◆ Work item
Each line in the entries below that contains the word "between" counts once. Report how many there are and nothing more.

◆ Working data
(* Under the standing assumptions in the context, there exist a neighborhood $\mathcal U$ of $(0,\bar X)$ and $C>0$ such that for every multi-index $\alpha$ with $|\alpha|=1$ and every $(t,X)\in\mathcal U\cap\{t>0\}$, \[ |\partial_X^\alpha\lambda_1|\le C a^{3/2},\qquad |\partial_X^\alpha\lambda_2|\le C\sqrt a,\qquad |\partial_X^\alpha\lambda_3|\le C\sqrt a . \]
   Context: Let $W\subset\mathbb R^l$ be open, $\bar X\in W$, $c,T>0$, and let $a(t,X),b(t,X)$ be real-valued $C^\infty$ functions on $(-c,T)\times W$ with bounded derivatives of all orders. Assume $\Delta(t,X):=4a(t,X)^3-27b(t,X)^2\ge 0$ on $[0,T)\times W$, $a(0,\bar X)=0$, and $a(t,X)>0$ on $(0,T)\times W$. Let $S(t,X)=\begin{bmatrix}3&0&-a\\0&2a&3b\\-a&3b&a^2\end{bmatrix}$ and let $0\le\lambda_1\le\lambda_2\le\lambda_3$ be its eigenvalues (which are smooth on $\mathcal U\cap\{t>0\}$ for a small neighborhood $\mathcal U$ of $(0,\bar X)$). *)

theory Defs
  imports "HOL-Analysis.Analysis"
begin

text \<open>Dg vs is the iterated derivative of g in the directions of the list vs; the (Frechet)
  derivative of Dg vs at x is the linear map h maps to Dg (h # vs) x.\<close>
definition smooth_bdd_on :: "'a::euclidean_space set \<Rightarrow> ('a \<Rightarrow> real) \<Rightarrow> bool" where
  "smooth_bdd_on S g \<longleftrightarrow>
     (\<exists>Dg :: 'a list \<Rightarrow> 'a \<Rightarrow> real.
        (\<forall>x\<in>S. Dg [] x = g x) \<and>
        (\<forall>vs. \<forall>x\<in>S. (Dg vs has_derivative (\<lambda>h. Dg (h # vs) x)) (at x)) \<and>
        (\<forall>vs. set vs \<subseteq> Basis \<longrightarrow> bounded (Dg vs ` S)))"

definition Smat :: "real \<Rightarrow> real \<Rightarrow> real^3^3" where
  "Smat a b = vector [vector [3, 0, - a], vector [0, 2 * a, 3 * b], vector [- a, 3 * b, a ^ 2]]"

definition eigs3 :: "real^3^3 \<Rightarrow> real \<times> real \<times> real" where
  "eigs3 M = (THE e. case e of (l1, l2, l3) \<Rightarrow>
      l1 \<le> l2 \<and> l2 \<le> l3 \<and> (\<forall>\<mu>. det (\<mu> *\<^sub>R mat 1 - M) = (\<mu> - l1) * (\<mu> - l2) * (\<mu> - l3)))"

definition eig :: "nat \<Rightarrow> real^3^3 \<Rightarrow> real" where
  "eig k M = (case eigs3 M of (l1, l2, l3) \<Rightarrow> if k = 1 then l1 else if k = 2 then l2 else l3)"

end

theory Submission
  imports Defs
begin

text \<open>
  The eigenvalues of \<open>S\<close> are the roots of its characteristic polynomial, whose constant term is
  \<open>27b\<^sup>2 - 4a\<^sup>3 \<le> 0\<close>. For small \<open>a > 0\<close> sign changes of this cubic separate the roots:
  \<open>\<lambda>\<^sub>1 \<in> [0, a\<^sup>2)\<close>, \<open>\<lambda>\<^sub>2 \<in> (a, 3a)\<close>, \<open>\<lambda>\<^sub>3 \<in> (1, 5)\<close>. Simple roots move differentiably, with
  \<open>\<lambda>\<^sub>k' = - \<partial>P(\<lambda>\<^sub>k) / \<Prod>\<^sub>j\<^sub>\<noteq>\<^sub>k (\<lambda>\<^sub>k - \<lambda>\<^sub>j)\<close>, where \<open>\<partial>P\<close> differentiates the coefficients.

  Along a coordinate line put \<open>\<sigma> = sqrt a\<close>. Glaeser's inequality for the nonnegative function
  \<open>a\<close> gives \<open>|a'| = O(\<sigma>)\<close> and \<open>a = O(\<sigma>\<^sup>2)\<close> on \<open>[-\<sigma>, \<sigma>]\<close>; hyperbolicity \<open>27b\<^sup>2 \<le> 4a\<^sup>3\<close> turns
  this into \<open>b = O(\<sigma>\<^sup>3)\<close> there, and a third order Taylor expansion into \<open>|b'| = O(\<sigma>\<^sup>2)\<close>. So the
  numerators \<open>\<partial>P(\<lambda>\<^sub>k)\<close> are \<open>O(\<sigma>\<^sup>5), O(\<sigma>\<^sup>3), O(\<sigma>)\<close> and the denominators are of order
  \<open>\<sigma>\<^sup>2, \<sigma>\<^sup>2, 1\<close>.
\<close>

section \<open>Taylor estimates on an interval\<close>

lemma Taylor_remainder_abs_le:
  fixes G :: "nat \<Rightarrow> real \<Rightarrow> real"
  assumes "0 < n"
    and deriv: "\<And>m s. m < n \<Longrightarrow> \<bar>s\<bar> \<le> h \<Longrightarrow> DERIV (G m) s :> G (Suc m) s"
    and bound: "\<And>s. \<bar>s\<bar> \<le> h \<Longrightarrow> \<bar>G n s\<bar> \<le> M" and x: "\<bar>x\<bar> \<le> h"
  shows "\<bar>G 0 x - (\<Sum>m<n. G m 0 / fact m * x^m)\<bar> \<le> M * \<bar>x\<bar>^n / fact n"
proof (cases "x = 0")
  case True
  have "(\<Sum>m<n. G m 0 / fact m * x^m) = G 0 0"
    using \<open>0 < n\<close> True by (cases n) (simp_all add: sum.lessThan_Suc_shift)
  then show ?thesis using True bound[of 0] x \<open>0 < n\<close> by simp
next
  case False
  have "\<forall>m t. m < n \<and> -h \<le> t \<and> t \<le> h \<longrightarrow> DERIV (G m) t :> G (Suc m) t"
    using deriv by (simp add: abs_le_iff)
  then obtain t where between: "if x < 0 then x < t \<and> t < 0 else 0 < t \<and> t < x"
    and taylor: "G 0 x = (\<Sum>m<n. G m 0 / fact m * (x - 0)^m) + G n t / fact n * (x - 0)^n"
    using Taylor[of n G "G 0" "-h" h 0 x] x False \<open>0 < n\<close> by (auto simp: abs_le_iff)
  have t: "\<bar>t\<bar> \<le> \<bar>x\<bar>" using between by (auto split: if_splits)
  have "\<bar>G n t / fact n * x^n\<bar> = \<bar>G n t\<bar> * \<bar>x\<bar>^n / fact n" by (simp add: abs_mult power_abs)
  also have "\<dots> \<le> M * \<bar>x\<bar>^n / fact n"
    using bound[of t] t x by (simp add: divide_right_mono mult_right_mono)
  finally show ?thesis using taylor by simp
qed

lemma glaeser_inequality:
  fixes G :: "nat \<Rightarrow> real \<Rightarrow> real"
  assumes deriv: "\<And>m s. m < 2 \<Longrightarrow> \<bar>s\<bar> \<le> h \<Longrightarrow> DERIV (G m) s :> G (Suc m) s"
    and bound: "\<And>s. \<bar>s\<bar> \<le> h \<Longrightarrow> \<bar>G 2 s\<bar> \<le> M"
    and nonneg: "\<And>s. \<bar>s\<bar> \<le> h \<Longrightarrow> 0 \<le> G 0 s" and "0 < h"
  shows "\<bar>G 1 0\<bar> * h \<le> G 0 0 + M * h^2 / 2"
proof -
  have taylor: "\<bar>G 0 x - (G 0 0 + G 1 0 * x)\<bar> \<le> M * x^2 / 2" if "\<bar>x\<bar> \<le> h" for x
    using Taylor_remainder_abs_le[where n=2 and G=G and h=h and M=M and x=x] deriv bound that by (simp add: numeral_2_eq_2)
  have "G 0 h - (G 0 0 + G 1 0 * h) \<le> M * h^2 / 2"
    "G 0 (-h) - (G 0 0 - G 1 0 * h) \<le> M * h^2 / 2"
    using abs_le_D1[OF taylor[of h]] abs_le_D1[OF taylor[of "-h"]] \<open>0 < h\<close> by simp_all
  moreover have "\<bar>G 1 0\<bar> * h = \<bar>G 1 0 * h\<bar>" using \<open>0 < h\<close> by (simp add: abs_mult)
  ultimately show ?thesis using nonneg[of h] nonneg[of "-h"] \<open>0 < h\<close> by (simp add: abs_le_iff)
qed
(* Let $\mathbb{F}$ be a field of characteristic not $2$. For every $\rho\in D$, the linear map $\phi_\rho:\hat{\mathcal{H}}\to\hat{\mathcal{H}}$ defined by $a_i\mapsto a_{i^\rho}$, $s_j\mapsto s_j$, $p_{\bar r,k}\mapsto \mathrm{sgn}(\rho)\,p_{\overline{r^\rho},k}$ is an automorphism of $\hat{\mathcal{H}}$, and the map $\rho\mapsto\phi_\rho$ is a faithful representation of $D$ as a group of automorphisms of $\hat{\mathcal{H}}$.
   Context: Notation: $\mathbb{N}=\{1,2,3,\dots\}$, $3\mathbb{N}=\{3,6,9,\dots\}$; for $r\in\mathbb{Z}$, $\bar r=r+3\mathbb{Z}\in\mathbb{Z}_3$. The algebra $\hat{\mathcal{H}}$ is the commutative $\mathbb{F}$-algebra with basis $\{a_i:i\in\mathbb{Z}\}\cup\{s_j:j\in\mathbb{N}\}\cup\{p_{\bar r,k}:\bar r\in\{\bar1,\bar2\},\ k\in 3\mathbb{N}\}$, where $s_0=0$, $p_{\bar r,j}=0$ for all $\bar r$ whenever $j\notin 3\mathbb{N}$, $p_{\bar 0,j}=-p_{\bar1,j}-p_{\bar2,j}$, $z_{\bar r,j}=p_{\bar r+\bar1,j}-p_{\bar r-\bar1,j}$, and for $i,i'\in\mathbb{Z}$, $j,l\in\mathbb{N}$, $h,k\in3\mathbb{N}$, $\bar r,\bar t\in\mathbb{Z}_3$: (H1) $a_ia_{i'}=\tfrac12(a_i+a_{i'})+s_{|i-i'|}+z_{\bar\imath,|i-i'|}$; (H2) $a_is_j=-\tfrac34a_i+\tfrac38(a_{i-j}+a_{i+j})+\tfrac32 s_j-z_{\bar\imath,j}$; (H3) $a_ip_{\bar r,k}=\tfrac32p_{\bar r,k}-p_{-(\bar\imath+\bar r),k}$; (H4) $s_js_l=\tfrac34(s_j+s_l)-\tfrac38(s_{|j-l|}+s_{j+l})$; (H5) $s_jp_{\bar r,k}=\tfrac34(p_{\bar r,j}+p_{\bar r,k})-\tfrac38(p_{\bar r,|j-k|}+p_{\bar r,j+k})$; (H6) $p_{\bar r,h}p_{\bar t,k}=\tfrac14(z_{-(\bar r+\bar t),h}+z_{-(\bar r+\bar t),k})-\tfrac18(z_{-(\bar r+\bar t),|h-k|}+z_{-(\bar r+\bar t),h+k})$. For $k\in\tfrac12\mathbb{Z}$ let $\tau_k:\mathbb{Z}\to\mathbb{Z}$, $i\mapsto 2k-i$. Let $D=\langle\tau_0,\tau_{1/2}\rangle$ (the infinite dihedral group acting on $\mathbb{Z}$; its elements are the translations and the reflections $\tau_k$), and $\mathrm{sgn}:D\to\{\pm1\}$ with $\mathrm{sgn}(\rho)=-1$ for reflections and $1$ for translations. Write $i^\rho$ for the image of $i$ under $\rho$; for $\bar r\in\mathbb{Z}_3$ with representative $r$, $\overline{r^\rho}$ is well defined. *)

theory Defs
  imports Main
begin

◆ Response to this exercise
2